<<<<

section \<open>Relative frontiers of injective images of balls\<close>

text \<open>A boundary point \<open>z\<close> cannot be mapped into \<open>f ` ball a r\<close>: the continuous inverse on that open
  set would send \<open>f u \<rightarrow> f z\<close> (for \<open>u \<rightarrow> z\<close> inside the ball) to a limit inside the ball.\<close>
lemma image_sphere_disjoint_image_ball:
  fixes f :: "'a::euclidean_space \<Rightarrow> 'a"
  assumes cont: "continuous_on (cball a r) f" and inj: "inj_on f (ball a r)"
    and z: "z \<in> sphere a r" and "0 < r"
  shows "f z \<notin> f ` ball a r"
proof
  assume "f z \<in> f ` ball a r"
  then obtain u0 where u0: "u0 \<in> ball a r" "f z = f u0" by auto
  obtain g where hom: "homeomorphism (ball a r) (f ` ball a r) f g"
    using invariance_of_domain_homeomorphism[OF open_ball
        continuous_on_subset[OF cont ball_subset_cball] order_refl inj] by blast
  define F where "F = at z within ball a r"
  have "F \<noteq> bot" using z \<open>0 < r\<close> by (simp add: F_def trivial_limit_within islimpt_ball)
  have in_ball: "\<forall>\<^sub>F u in F. u \<in> ball a r" by (simp add: F_def eventually_at_filter)
  have "z \<in> cball a r" using z sphere_cball by blast
  hence "(f \<longlongrightarrow> f z) (at z within cball a r)" using cont by (simp add: continuous_on_def)
  hence "(f \<longlongrightarrow> f z) F" unfolding F_def by (rule tendsto_within_subset) (rule ball_subset_cball)
  moreover have "continuous_on (f ` ball a r) g" using hom by (simp add: homeomorphism_def)
  moreover have "\<forall>\<^sub>F u in F. f u \<in> f ` ball a r" using in_ball by (rule eventually_mono) simp
  ultimately have "((\<lambda>u. g (f u)) \<longlongrightarrow> g (f z)) F"
    using u0 by (intro continuous_on_tendsto_compose[of "f ` ball a r" g]) auto
  moreover have "g (f z) = u0" using hom u0 by (simp add: homeomorphism_def)
  moreover have "\<forall>\<^sub>F u in F. g (f u) = u"
    using in_ball by (rule eventually_mono) (use hom in \<open>simp add: homeomorphism_def\<close>)
  ultimately have "((\<lambda>u. u) \<longlongrightarrow> u0) F" using Lim_transform_eventually by fastforce
  moreover have "((\<lambda>u. u) \<longlongrightarrow> z) F" unfolding F_def by (rule tendsto_ident_at)
  ultimately have "u0 = z" using tendsto_unique[OF \<open>F \<noteq> bot\<close>] by blast
  thus False using u0 z by simp
qed

lemma frontier_of_image_ball:
  fixes f :: "'a::euclidean_space \<Rightarrow> 'a"
  assumes cont: "continuous_on (cball a r) f" and inj: "inj_on f (ball a r)" and "0 < r"
    and "closed S" and sub: "f ` ball a r \<subseteq> S"
  shows "top_of_set S frontier_of (f ` ball a r) = f ` sphere a r"
proof -
  define E where "E = f ` ball a r"
  have "open E"
    unfolding E_def using continuous_on_subset[OF cont ball_subset_cball] inj
    by (intro invariance_of_domain) auto
  hence interior_E: "top_of_set S interior_of E = E"
    using openin_open_Int[of E S] sub by (simp add: E_def interior_of_openin Int_absorb1)
  have closure: "closure E = f ` cball a r"
  proof
    have "closed (f ` cball a r)" by (intro compact_imp_closed compact_continuous_image cont compact_cball)
    thus "closure E \<subseteq> f ` cball a r" unfolding E_def by (intro closure_minimal) auto
    show "f ` cball a r \<subseteq> closure E"
      using image_closure_subset[OF _ closed_closure closure_subset, of "ball a r" f] cont \<open>0 < r\<close>
      by (simp add: E_def)
  qed
  have "f ` cball a r \<subseteq> S"
    using closure_minimal[OF sub \<open>closed S\<close>] closure by (simp add: E_def)
  hence "top_of_set S closure_of E = f ` cball a r"
    using sub closure by (simp add: E_def closure_of_subtopology Int_absorb1)
  hence "top_of_set S frontier_of E = f ` cball a r - E"
    unfolding frontier_of_def interior_E by simp
  also have "\<dots> = f ` sphere a r"
  proof -
    have "f ` sphere a r \<inter> E = {}"
      unfolding E_def using image_sphere_disjoint_image_ball[OF cont inj _ \<open>0 < r\<close>] by blast
    moreover have "cball a r = ball a r \<union> sphere a r" by auto
    ultimately show ?thesis unfolding E_def image_Un by blast
  qed
  finally show ?thesis unfolding E_def .
qed

section \<open>The epicycloid and rotational symmetry\<close>

lemma epicycloid_eq_image_sphere: "epicycloid d = elliptic_param d ` sphere 0 1"
proof -
  have "elliptic_param d u = (u ^ d - of_nat d * u) / (of_nat d + 1)" if "norm u = 1" for u
    using that by (simp add: elliptic_param_def algebra_simps)
  hence "epicycloid d = (\<lambda>\<theta>. elliptic_param d (cis \<theta>)) ` {0..2*pi}"
    by (simp add: epicycloid_def Complex.DeMoivre)
  also have "\<dots> = elliptic_param d ` cis ` {0..2*pi}" by (simp add: image_image)
  also have "cis ` {0..2*pi} = sphere 0 1"
  proof
    show "sphere 0 1 \<subseteq> cis ` {0..2*pi}"
    proof
      fix u :: complex assume "u \<in> sphere 0 1"
      hence "u = cis (Arg2pi u)" using Arg2pi[of u] by (simp add: is_Arg_def cis_conv_exp)
      moreover have "Arg2pi u \<in> {0..2*pi}" using Arg2pi[of u] by simp
      ultimately show "u \<in> cis ` {0..2*pi}" by blast
    qed
  qed auto
  finally show ?thesis .
qed

lemma blaschke_rotate:
  assumes "norm \<omega> = 1"
  shows "blaschke d (\<omega> * w) (\<omega> * z) = \<omega> ^ d * blaschke d w z"
proof -
  have "cnj \<omega> * \<omega> = 1" using assms complex_norm_square[of \<omega>] by (simp add: mult.commute)
  hence "(\<omega> * z - \<omega> * w) / (1 - cnj (\<omega> * w) * (\<omega> * z)) = \<omega> * ((z - w) / (1 - cnj w * z))"
    by (simp add: algebra_simps)
  thus ?thesis unfolding blaschke_def by (simp only: power_mult_distrib)
qed

lemma fixed_point_locus_rotate:
  assumes "d \<ge> 2" "\<omega> ^ (d - 1) = 1" "w \<in> fixed_point_locus d"
  shows "\<omega> * w \<in> fixed_point_locus d"
proof -
  have "norm \<omega> = 1" using power_eq_1_iff[OF assms(2)] assms(1) by auto
  have "\<omega> ^ d = \<omega>" using assms(1,2) by (metis Suc_diff_1 less_le_trans pos2 power_Suc mult_1_right)
  obtain z where "norm w < 1" "norm z < 1" "blaschke d w z = z"
    using assms(3) unfolding fixed_point_locus_def by auto
  hence "norm (\<omega> * w) < 1" "norm (\<omega> * z) < 1" "blaschke d (\<omega> * w) (\<omega> * z) = \<omega> * z"
    using blaschke_rotate[OF \<open>norm \<omega> = 1\<close>] \<open>\<omega> ^ d = \<omega>\<close> \<open>norm \<omega> = 1\<close> by (simp_all add: norm_mult)
  thus ?thesis unfolding fixed_point_locus_def by auto
qed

>>>>

_WHAT YOU WILL DO_
After locating the line that contains "set would send", please copy exactly every line from the start of the records through it, and nothing else.

_ANSWER AREA_
section \<open>Relative frontiers of injective images of balls\<close>

text \<open>A boundary point \<open>z\<close> cannot be mapped into \<open>f ` ball a r\<close>: the continuous inverse on that open
  set would send \<open>f u \<rightarrow> f z\<close> (for \<open>u \<rightarrow> z\<close> inside the ball) to a limit inside the ball.\<close>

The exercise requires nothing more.